----- WORKING DATA -----

lemma nn_integral_psi_integrand_convolution:
  assumes "0 \<le> p" "0 < y"
  shows "ennreal y * (\<integral>\<^sup>+u\<in>{0<..<1}. ennreal (psi_integrand p x (y * u)) * ennreal (psi_integrand p x (y * (1 - u))) \<partial>lborel)
    = ennreal (y powr (2 * p + 1) * exp (-2 * x * y) *
        (LBINT u:{0<..<1}. u powr p * (1 - u) powr p * square_kernel y u))"
proof -
  define C where "C = y powr (2 * p + 1) * exp (-2 * x * y)"
  define F where "F u = u powr p * (1 - u) powr p * (langevin (y * u) * langevin (y * (1 - u)))" for u
  have F_nonneg: "0 \<le> F u" if "u \<in> {0<..<1}" for u
    using that assms by (simp add: F_def langevin_nonneg)
  have pointwise: "ennreal y * (ennreal (psi_integrand p x (y * u)) * ennreal (psi_integrand p x (y * (1 - u))))
      = ennreal C * ennreal (F u)" if "u \<in> {0<..<1}" for u
  proof -
    have "0 \<le> psi_integrand p x (y * u)" "0 \<le> psi_integrand p x (y * (1 - u))"
      using that assms by (simp_all add: psi_integrand_nonneg)
    then have "ennreal y * (ennreal (psi_integrand p x (y * u)) * ennreal (psi_integrand p x (y * (1 - u))))
        = ennreal (y * (psi_integrand p x (y * u) * psi_integrand p x (y * (1 - u))))"
      using assms by (simp add: ennreal_mult)
    also have "\<dots> = ennreal (C * F u)"
      using that assms psi_integrand_convolution_factor[of y u p x] by (simp add: C_def F_def)
    also have "\<dots> = ennreal C * ennreal (F u)"
      using F_nonneg[OF that] by (intro ennreal_mult) (simp_all add: C_def)
    finally show ?thesis .
  qed
  have "ennreal y * (\<integral>\<^sup>+u\<in>{0<..<1}. ennreal (psi_integrand p x (y * u)) * ennreal (psi_integrand p x (y * (1 - u))) \<partial>lborel)
      = (\<integral>\<^sup>+u\<in>{0<..<1}. ennreal C * ennreal (F u) \<partial>lborel)"
    by (subst nn_integral_cmult[symmetric])
       (auto intro!: nn_integral_cong simp: pointwise[unfolded mult.assoc[symmetric]] mult.assoc[symmetric] split: split_indicator)
  also have "\<dots> = ennreal C * (\<integral>\<^sup>+u\<in>{0<..<1}. ennreal (F u) \<partial>lborel)"
    by (simp add: mult.assoc nn_integral_cmult F_def)
  also have "\<dots> = ennreal C * ennreal (LBINT u:{0<..<1}. F u)"
    using set_integral_weighted_square_kernel(1)[OF assms]
    by (subst nn_set_integral_eq_set_integral_real) (simp_all add: F_nonneg flip: F_def)
  also have "\<dots> = ennreal (C * (LBINT u:{0<..<1}. F u))"
    unfolding set_lebesgue_integral_def
    by (intro ennreal_mult[symmetric] integral_nonneg) (simp_all add: C_def F_nonneg split: split_indicator)
  finally show ?thesis
    using set_integral_weighted_square_kernel(2)[OF assms] by (simp add: C_def F_def)
qed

-----

> ACTION ITEM:
Once you find the string "using" in a line of the records, copy that line.

> OUTPUT FOR THIS EXERCISE:
    using that assms by (simp add: F_def langevin_nonneg)
      using that assms by (simp_all add: psi_integrand_nonneg)
      using assms by (simp add: ennreal_mult)
      using that assms psi_integrand_convolution_factor[of y u p x] by (simp add: C_def F_def)
      using F_nonneg[OF that] by (intro ennreal_mult) (simp_all add: C_def)
    using set_integral_weighted_square_kernel(1)[OF assms]
    using set_integral_weighted_square_kernel(2)[OF assms] by (simp add: C_def F_def)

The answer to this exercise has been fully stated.